Darius Songaila (born February 14, 1978) is a Lithuanian professional basketball coach and former player. He serves as an assistant coach for the San Antonio Spurs of the National Basketball Association (NBA). He has represented the Lithuania national team. He played at the power forward and center positions.

Early years
Songaila started his basketball career with Lietuvos rytas Marijampolė in second-tier Lithuanian league, the LKAL in 1995. In 1997, he moved to the United States where he attended the New Hampton School in New Hampton, New Hampshire. Songaila played the Nike Hoop Summit in 1998. He was also named to the All-European Under-22 Championship Second Team.

College career
Darius Songaila played college basketball at Wake Forest University. He was named Third Team All-ACC in 2000 and Second Team All-ACC in 2002. He was also named Honorable Mention All-American by the Associated Press as a senior.

Professional career

Songaila was selected with the 50th pick of the 2002 NBA draft by the Boston Celtics, who eventually dealt his rights to the Sacramento Kings.
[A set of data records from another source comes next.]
lemma emeasure_perm_mix:
  assumes P: "is_law d P" and E: "E \<in> sets (Rd d)"
  shows "emeasure (perm_mix d P) E =
    (\<Sum>\<pi>\<in>perms d. emeasure P {x\<in>space P. permute_vec d \<pi> x \<in> E} * pmf (pmf_of_set (perms d)) \<pi>)"
proof -
  interpret P: prob_space P using P unfolding is_law_def by simp
  let ?p = "pmf_of_set (perms d)"
  let ?M = "measure_pmf ?p \<Otimes>\<^sub>M P"
  have f: "case_prod (permute_vec d) \<in> measurable ?M (Rd d)" by (rule measurable_permute_vec[OF P])
  have "emeasure (perm_mix d P) E = emeasure ?M (case_prod (permute_vec d) -` E \<inter> space ?M)"
    unfolding perm_mix_eq_distr by (rule emeasure_distr[OF f E])
  also have "\<dots> = (\<integral>\<^sup>+\<pi>. emeasure P (Pair \<pi> -` (case_prod (permute_vec d) -` E \<inter> space ?M)) \<partial>measure_pmf ?p)"
    using measurable_sets[OF f E] by (rule P.emeasure_pair_measure_alt)
  also have "\<dots> = (\<integral>\<^sup>+\<pi>. emeasure P {x\<in>space P. permute_vec d \<pi> x \<in> E} \<partial>measure_pmf ?p)"
    by (intro nn_integral_cong arg_cong[where f="emeasure P"]) (auto simp: space_pair_measure)
  also have "\<dots> = (\<Sum>\<pi>\<in>perms d. emeasure P {x\<in>space P. permute_vec d \<pi> x \<in> E} * pmf ?p \<pi>)"
    using nn_integral_measure_pmf_finite[of ?p] by (simp add: set_pmf_of_perms finite_perms)
  finally show ?thesis .
qed
text \<open>A nonzero difference \<open>u\<close> of two points at distance at most \<open>1\<close> is \<open>\<plusminus>e\<^sub>i\<close> or
  \<open>e\<^sub>i - e\<^sub>j\<close> with \<open>i \<noteq> j\<close>, so its weight \<open>\<Sum> (i + 1) u\<^sub>i\<close> lies strictly between \<open>-(m + 1)\<close>
  and \<open>m + 1\<close> and is nonzero.\<close>

lemma weighted_sum_not_dvd:
  fixes u :: "nat \<Rightarrow> int"
  assumes nonzero: "\<exists>i<m. u i \<noteq> 0"
    and pos: "(\<Sum>i<m. max (u i) 0) \<le> 1" and neg: "(\<Sum>i<m. max (- u i) 0) \<le> 1"
  shows "\<not> int (m + 1) dvd (\<Sum>i<m. int (i + 1) * u i)"
proof
  assume dvd: "int (m + 1) dvd (\<Sum>i<m. int (i + 1) * u i)"
  define p where "p i = max (u i) 0" for i
  define q where "q i = max (- u i) 0" for i
  define W where "W f = (\<Sum>i<m. int (i + 1) * f i)" for f :: "nat \<Rightarrow> int"
  have u: "u i = p i - q i" and disjoint: "p i = 1 \<Longrightarrow> q i \<noteq> 1" for i
    by (auto simp: p_def q_def max_def split: if_splits)
  have "(\<Sum>i<m. int (i + 1) * u i) = W p - W q"
    unfolding W_def u by (simp add: sum_subtractf right_diff_distrib)
  then have dvd_W: "int (m + 1) dvd W p - W q" using dvd by simp
  have W_cases: "(\<forall>i<m. f i = 0) \<and> W f = 0 \<or> (\<exists>j<m. f j = 1 \<and> W f = int (j + 1))"
    if "\<And>i. f i \<ge> 0" "(\<Sum>i<m. f i) \<le> 1" for f
  proof (rule nonneg_sum_le_one_cases[of m f])
    show "(\<Sum>i<m. f i) \<le> 1" "\<And>i. i < m \<Longrightarrow> f i \<ge> 0" using that by simp_all
    show ?thesis if "\<And>i. i < m \<Longrightarrow> f i = 0"
      using that by (simp add: W_def)
    show ?thesis if "j < m" "\<And>i. i < m \<Longrightarrow> f i = (if i = j then 1 else 0)" for j
      using that weighted_sum_unit[OF that] by (auto simp: W_def)
  qed
  have "(\<forall>i<m. p i = 0) \<and> W p = 0 \<or> (\<exists>i<m. p i = 1 \<and> W p = int (i + 1))"
    using W_cases[of p] pos by (simp add: p_def)
  moreover have "(\<forall>i<m. q i = 0) \<and> W q = 0 \<or> (\<exists>j<m. q j = 1 \<and> W q = int (j + 1))"
    using W_cases[of q] neg by (simp add: q_def)
  moreover have "\<not> ((\<forall>i<m. p i = 0) \<and> (\<forall>i<m. q i = 0))" using nonzero u by force
  ultimately have "W p \<noteq> W q" "\<bar>W p - W q\<bar> < int (m + 1)"
    using disjoint by (auto simp: abs_less_iff)
  then show False
    using dvd_W dvd_imp_le_int[of "W p - W q" "int (m + 1)"] by simp
qed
He joined CSKA Moscow for the 2002–03 season and won the Russian Basketball Super League. He signed with the Kings in June 2003, and averaged 6.1 points and 3.7 rebounds in 154 games (28 starts) over two seasons.

Songaila signed a one-year deal with the Chicago Bulls in September 2005. He had his most successful season yet with the Bulls, averaging 9.2 points and 4.0 rebounds in 62 games (7 starts). However, he suffered an ankle injury in March 2006 and missed the final 20 games.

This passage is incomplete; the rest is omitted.